What the exercise asks: Scan the lines below for "only" and copy the matches.

Supplied material Block Start

(* Let $X=\{a_1,\dots,a_\ell\}$ be a finite set of $\ell$ distinct points and $N\ge 2$. A probability measure $\mu$ on $X^2$ is an extreme point of the convex set $\mathcal{P}_{N\text{-}rep}(X^2)$ of $N$-representable two-point probability measures if and only if it is of the form $$\mu=\lambda\otimes\lambda+\frac1{N-1}\Big(\lambda\otimes\lambda-\sum_{i=1}^\ell\lambda_i\,\delta_i\otimes\delta_i\Big)$$ for some $\lambda\in\mathcal{P}_{\frac1N}(X)$.
   Context: $\mathcal{P}(X)$ denotes the probability measures on $X$, identified with vectors $(\lambda_1,\dots,\lambda_\ell)$ where $\lambda_i=\lambda(\{a_i\})$; $\delta_i$ is the Dirac measure at $a_i$. $\mathcal{P}_{\frac1N}(X)=\{\lambda\in\mathcal{P}(X):\lambda_i\in\frac1N\mathbb{Z}\ \forall i\}$. A probability measure $\gamma$ on $X^N$ is symmetric if $\gamma(A_1\times\cdots\times A_N)=\gamma(A_{\sigma(1)}\times\cdots\times A_{\sigma(N)})$ for all $A_i\subseteq X$ and permutations $\sigma$. A probability measure $\mu$ on $X^2$ is $N$-representable if there is a symmetric probability measure $\gamma$ on $X^N$ with two-point marginal $\gamma(A\times X^{N-2})=\mu(A)$ for all $A\subseteq X^2$; $\mathcal{P}_{N\text{-}rep}(X^2)$ denotes the set of such $\mu$. *)

theory Defs
  imports "HOL-Analysis.Analysis"
begin

text \<open>The finite ground set X = {a_1,...,a_l} is the finite type 'a (l = CARD('a)).
Measures on X are vectors in real^'a, measures on X^2 vectors in real^('a \<times> 'a).
Points of X^N are lists of length N; a probability measure on the finite set X^N is a
nonnegative weight function on these lists with total mass 1.\<close>

definition prob_meas :: "(real^'a::finite) set" where
  "prob_meas = {lam. (\<forall>i. 0 \<le> lam $ i) \<and> (\<Sum>i\<in>UNIV. lam $ i) = 1}"

definition prob_meas_grid :: "nat \<Rightarrow> (real^'a::finite) set" where
  "prob_meas_grid N = {lam \<in> prob_meas. \<forall>i. real N * lam $ i \<in> \<int>}"

definition symmetric_meas :: "nat \<Rightarrow> ('a list \<Rightarrow> real) \<Rightarrow> bool" where
  "symmetric_meas N \<gamma> \<longleftrightarrow>
     (\<forall>xs \<sigma>. length xs = N \<longrightarrow> \<sigma> permutes {..<N} \<longrightarrow>
        \<gamma> (map (\<lambda>k. xs ! \<sigma> k) [0..<N]) = \<gamma> xs)"

definition prob_meas_XN :: "nat \<Rightarrow> ('a list \<Rightarrow> real) \<Rightarrow> bool" where
  "prob_meas_XN N \<gamma> \<longleftrightarrow>
     (\<forall>xs. length xs = N \<longrightarrow> 0 \<le> \<gamma> xs) \<and> (\<Sum>xs\<in>{xs. length xs = N}. \<gamma> xs) = 1"

definition two_point_marginal :: "nat \<Rightarrow> ('a::finite list \<Rightarrow> real) \<Rightarrow> real^('a \<times> 'a)" where
  "two_point_marginal N \<gamma> =
     (\<chi> p. \<Sum>xs\<in>{xs. length xs = N \<and> xs ! 0 = fst p \<and> xs ! 1 = snd p}. \<gamma> xs)"

definition N_rep :: "nat \<Rightarrow> (real^('a::finite \<times> 'a)) set" where
  "N_rep N = {mu. \<exists>\<gamma>. prob_meas_XN N \<gamma> \<and> symmetric_meas N \<gamma> \<and> mu = two_point_marginal N \<gamma>}"

end

theory Submission
  imports Defs "HOL-Combinatorics.Permutations"
begin

text \<open>A symmetric measure on \<open>X\<^sup>N\<close> is a convex combination of symmetrised Dirac measures
\<open>\<delta>\<^sub>x\<close>, \<open>x \<in> X\<^sup>N\<close>, and the two-point marginal of the symmetrisation of \<open>\<delta>\<^sub>x\<close> depends only
on the empirical measure \<open>\<lambda>\<close> of \<open>x\<close>, a point of the grid \<open>prob_meas_grid N\<close>: it is the measure \<open>M(\<lambda>)\<close> of the
theorem. Hence the \<open>N\<close>-representable measures form the polytope spanned by the finitely many
\<open>M(\<lambda>)\<close>, and every extreme point is one of them. Conversely each \<open>M(\<lambda>\<^sub>0)\<close> is exposed: for a
suitable linear functional \<open>w\<close> one has \<open>w \<bullet> M(\<lambda>) = c |\<lambda> - \<lambda>\<^sub>0|\<^sup>2 + const\<close> with \<open>c > 0\<close>,
which is uniquely minimised at \<open>\<lambda> = \<lambda>\<^sub>0\<close>.\<close>

lemma finite_lists_length: "finite {xs :: 'a::finite list. length xs = N}"
  using finite_lists_length_eq[of "UNIV :: 'a set" N] by simp

lemma count_list_eq_sum_nth:
  "real (count_list xs a) = (\<Sum>k<length xs. of_bool (xs ! k = a))"
  by (induction xs) (simp_all add: sum.lessThan_Suc_shift del: sum.lessThan_Suc)

lemma ordered_pair_count:
  fixes xs :: "'a list"
  shows "(\<Sum>k<length xs. \<Sum>l\<in>{..<length xs} - {k}. of_bool (xs ! k = i) * of_bool (xs ! l = j))
    = real (count_list xs i) * real (count_list xs j) - of_bool (i = j) * real (count_list xs i)"
proof -
  have "(\<Sum>k<length xs. \<Sum>l\<in>{..<length xs} - {k}. of_bool (xs ! k = i) * of_bool (xs ! l = j))
      = (\<Sum>k<length xs. of_bool (xs ! k = i) * (real (count_list xs j) - of_bool (xs ! k = j)))"
    by (intro sum.cong refl)
      (simp add: sum_distrib_left[symmetric] sum_diff1 count_list_eq_sum_nth del: sum_of_bool_eq)
  also have "\<dots> = (\<Sum>k<length xs. of_bool (xs ! k = i) * real (count_list xs j)
                    - of_bool (i = j) * of_bool (xs ! k = i))"
    by (intro sum.cong refl) auto
  also have "\<dots> = real (count_list xs i) * real (count_list xs j) - of_bool (i = j) * real (count_list xs i)"
    by (simp add: sum_subtractf sum_distrib_left[symmetric] sum_distrib_right[symmetric]
        count_list_eq_sum_nth del: sum_of_bool_eq sum_mult_of_bool_eq sum_of_bool_mult_eq)
  finally show ?thesis .
qed

lemma permutes_with_values_at_0_1:
  fixes k l N :: nat
  assumes "k < N" "l < N" "k \<noteq> l"
  obtains \<sigma> where "\<sigma> permutes {..<N}" "\<sigma> 0 = k" "\<sigma> 1 = l"
proof -
  define l' where "l' = Transposition.transpose 0 k l"
  define \<sigma> where "\<sigma> = Transposition.transpose 0 k \<circ> Transposition.transpose 1 l'"
  have "1 < N" using assms by linarith
  have "l' < N" "l' \<noteq> 0"
    using assms unfolding l'_def by (auto simp: Transposition.transpose_def)
  with \<open>1 < N\<close> have "\<sigma> permutes {..<N}"
    using assms unfolding \<sigma>_def by (intro permutes_compose permutes_swap_id) auto
  moreover have "\<sigma> 0 = k" "\<sigma> 1 = l"
    using assms \<open>l' \<noteq> 0\<close> unfolding \<sigma>_def l'_def by (auto simp: Transposition.transpose_def)
  ultimately show thesis by (rule that)
qed

lemma symmetric_meas_permute_list:
  assumes "symmetric_meas N \<gamma>" "\<sigma> permutes {..<N}" "length xs = N"
  shows "\<gamma> (permute_list \<sigma> xs) = \<gamma> xs"
  using assms by (simp add: symmetric_meas_def permute_list_def)

lemma sum_symmetric_meas_permute_list:
  assumes sym: "symmetric_meas N \<gamma>" and \<sigma>: "\<sigma> permutes {..<N}"
  shows "(\<Sum>xs | length xs = N. \<gamma> xs * f (permute_list \<sigma> xs)) = (\<Sum>xs | length xs = N. \<gamma> xs * f xs)"
proof (rule sum.reindex_bij_witness[where i = "permute_list (inv \<sigma>)" and j = "permute_list \<sigma>"])
  have inv: "inv \<sigma> permutes {..<N}" using \<sigma> by (rule permutes_inv)
  fix xs :: "'a list" assume "xs \<in> {xs. length xs = N}"
  then have len: "length xs = N" by simp
  have "permute_list (inv \<sigma>) (permute_list \<sigma> xs) = permute_list (\<sigma> \<circ> inv \<sigma>) xs"
    using inv len by (simp add: permute_list_compose)
  then show "permute_list (inv \<sigma>) (permute_list \<sigma> xs) = xs"
    using \<sigma> by (simp add: permutes_inv_o)
  have "permute_list \<sigma> (permute_list (inv \<sigma>) xs) = permute_list (inv \<sigma> \<circ> \<sigma>) xs"
    using \<sigma> len by (simp add: permute_list_compose)
  then show "permute_list \<sigma> (permute_list (inv \<sigma>) xs) = xs"
    using \<sigma> by (simp add: permutes_inv_o)
  show "permute_list \<sigma> xs \<in> {xs. length xs = N}" "permute_list (inv \<sigma>) xs \<in> {xs. length xs = N}"
    using len by simp_all
  show "\<gamma> (permute_list \<sigma> xs) * f (permute_list \<sigma> xs) = \<gamma> xs * f (permute_list \<sigma> xs)"
    using symmetric_meas_permute_list[OF sym \<sigma> len] by simp
qed

lemma sum_symmetric_meas_nth_pair:
  assumes sym: "symmetric_meas N \<gamma>" and kl: "k < N" "l < N" "k \<noteq> l"
  shows "(\<Sum>xs | length xs = N. \<gamma> xs * f (xs ! k) (xs ! l))
       = (\<Sum>xs | length xs = N. \<gamma> xs * f (xs ! 0) (xs ! 1))"
proof -
  obtain \<sigma> where \<sigma>: "\<sigma> permutes {..<N}" "\<sigma> 0 = k" "\<sigma> 1 = l"
    using permutes_with_values_at_0_1[OF kl] .
  have "1 < N" using kl by linarith
  then have "(\<Sum>xs | length xs = N. \<gamma> xs * f (xs ! k) (xs ! l))
      = (\<Sum>xs | length xs = N. \<gamma> xs * (\<lambda>ys. f (ys ! 0) (ys ! 1)) (permute_list \<sigma> xs))"
    using \<sigma> by (intro sum.cong refl) (simp add: permute_list_nth)
  also have "\<dots> = (\<Sum>xs | length xs = N. \<gamma> xs * f (xs ! 0) (xs ! 1))"
    by (rule sum_symmetric_meas_permute_list[OF sym \<sigma>(1)])
  finally show ?thesis .
qed

definition empirical_meas :: "nat \<Rightarrow> 'a::finite list \<Rightarrow> real^'a" where
  "empirical_meas N xs = (\<chi> a. real (count_list xs a) / real N)"

text \<open>The two-point marginal of the symmetrisation of \<open>\<delta>\<^sub>x\<close> for any \<open>x\<close> with empirical
measure \<open>lam\<close> (see \<open>two_point_marginal_symmetric\<close>).\<close>

definition symmetrized_pair_meas :: "nat \<Rightarrow> real^'a::finite \<Rightarrow> real^('a \<times> 'a)" where
  "symmetrized_pair_meas N lam = (\<chi> p. lam $ fst p * lam $ snd p
     + (1 / (real N - 1)) * (lam $ fst p * lam $ snd p - (if fst p = snd p then lam $ fst p else 0)))"

lemma symmetrized_pair_meas_empirical_meas:
  assumes "N \<ge> 2"
  shows "symmetrized_pair_meas N (empirical_meas N xs) $ (i, j)
    = (real (count_list xs i) * real (count_list xs j) - of_bool (i = j) * real (count_list xs i))
      / (real N * (real N - 1))"
proof -
  have "real N - 1 \<noteq> 0" "real N \<noteq> 0" using assms by auto
  then show ?thesis
    unfolding symmetrized_pair_meas_def empirical_meas_def by (simp add: field_simps)
qed

text \<open>By symmetry all ordered pairs of distinct positions have the law of positions 0 and 1, so
the marginal is the average over the \<open>N (N - 1)\<close> such pairs, which is a count of letters.\<close>

lemma two_point_marginal_symmetric:
  fixes \<gamma> :: "'a::finite list \<Rightarrow> real"
  assumes sym: "symmetric_meas N \<gamma>" and N: "N \<ge> 2"
  shows "two_point_marginal N \<gamma>
    = (\<Sum>xs | length xs = N. \<gamma> xs *\<^sub>R symmetrized_pair_meas N (empirical_meas N xs))"
proof (rule vec_eq_iff[THEN iffD2], rule allI)
  fix p :: "'a \<times> 'a"
  obtain i j where p: "p = (i, j)" by (cases p)
  define T where "T k l = (\<Sum>xs | length xs = N. \<gamma> xs * (of_bool (xs ! k = i) * of_bool (xs ! l = j)))"
    for k l
  have "T 0 1 = (\<Sum>xs | length xs = N. if xs ! 0 = i \<and> xs ! 1 = j then \<gamma> xs else 0)"
    unfolding T_def by (intro sum.cong) auto
  also have "\<dots> = sum \<gamma> {xs \<in> {xs. length xs = N}. xs ! 0 = i \<and> xs ! 1 = j}"
    by (rule sum.inter_filter[OF finite_lists_length, symmetric])
  finally have marginal: "two_point_marginal N \<gamma> $ p = T 0 1"
    unfolding two_point_marginal_def p by (simp add: conj_assoc)
  have "(\<Sum>k<N. \<Sum>l\<in>{..<N} - {k}. T k l) = (\<Sum>k<N. \<Sum>l\<in>{..<N} - {k}. T 0 1)"
    unfolding T_def by (intro sum.cong refl sum_symmetric_meas_nth_pair[OF sym]) auto
  also have "\<dots> = real N * (real N - 1) * T 0 1"
    using N by (simp add: of_nat_diff)
  finally have all_pairs: "(\<Sum>k<N. \<Sum>l\<in>{..<N} - {k}. T k l) = real N * (real N - 1) * T 0 1" .
  have "(\<Sum>k<N. \<Sum>l\<in>{..<N} - {k}. T k l)
      = (\<Sum>xs | length xs = N. \<gamma> xs *
           (\<Sum>k<N. \<Sum>l\<in>{..<N} - {k}. of_bool (xs ! k = i) * of_bool (xs ! l = j)))"
    unfolding T_def sum_distrib_left
    by (subst sum.swap, subst (2) sum.swap) (rule refl)
  also have "\<dots> = (\<Sum>xs | length xs = N. \<gamma> xs * (real N * (real N - 1)
                      * symmetrized_pair_meas N (empirical_meas N xs) $ (i, j)))"
  proof (intro sum.cong refl arg_cong2[where f = "(*)"])
    fix xs :: "'a list" assume "xs \<in> {xs. length xs = N}"
    then show "(\<Sum>k<N. \<Sum>l\<in>{..<N} - {k}. of_bool (xs ! k = i) * of_bool (xs ! l = j))
        = real N * (real N - 1) * symmetrized_pair_meas N (empirical_meas N xs) $ (i, j)"
      using ordered_pair_count[of xs i j] symmetrized_pair_meas_empirical_meas[OF N, of xs i j] N
      by (simp del: sum_of_bool_eq sum_mult_of_bool_eq sum_of_bool_mult_eq)
  qed
  also have "\<dots> = real N * (real N - 1)
      * (\<Sum>xs | length xs = N. \<gamma> xs * symmetrized_pair_meas N (empirical_meas N xs) $ (i, j))"
    by (simp add: sum_distrib_left ac_simps)
  finally have "T 0 1 = (\<Sum>xs | length xs = N. \<gamma> xs * symmetrized_pair_meas N (empirical_meas N xs) $ (i, j))"
    using all_pairs N by simp
  then show "two_point_marginal N \<gamma> $ p
    = (\<Sum>xs | length xs = N. \<gamma> xs *\<^sub>R symmetrized_pair_meas N (empirical_meas N xs)) $ p"
    using marginal p by simp
qed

Supplied material Block End

Task response:
(* Let $X=\{a_1,\dots,a_\ell\}$ be a finite set of $\ell$ distinct points and $N\ge 2$. A probability measure $\mu$ on $X^2$ is an extreme point of the convex set $\mathcal{P}_{N\text{-}rep}(X^2)$ of $N$-representable two-point probability measures if and only if it is of the form $$\mu=\lambda\otimes\lambda+\frac1{N-1}\Big(\lambda\otimes\lambda-\sum_{i=1}^\ell\lambda_i\,\delta_i\otimes\delta_i\Big)$$ for some $\lambda\in\mathcal{P}_{\frac1N}(X)$.
\<open>\<delta>\<^sub>x\<close>, \<open>x \<in> X\<^sup>N\<close>, and the two-point marginal of the symmetrisation of \<open>\<delta>\<^sub>x\<close> depends only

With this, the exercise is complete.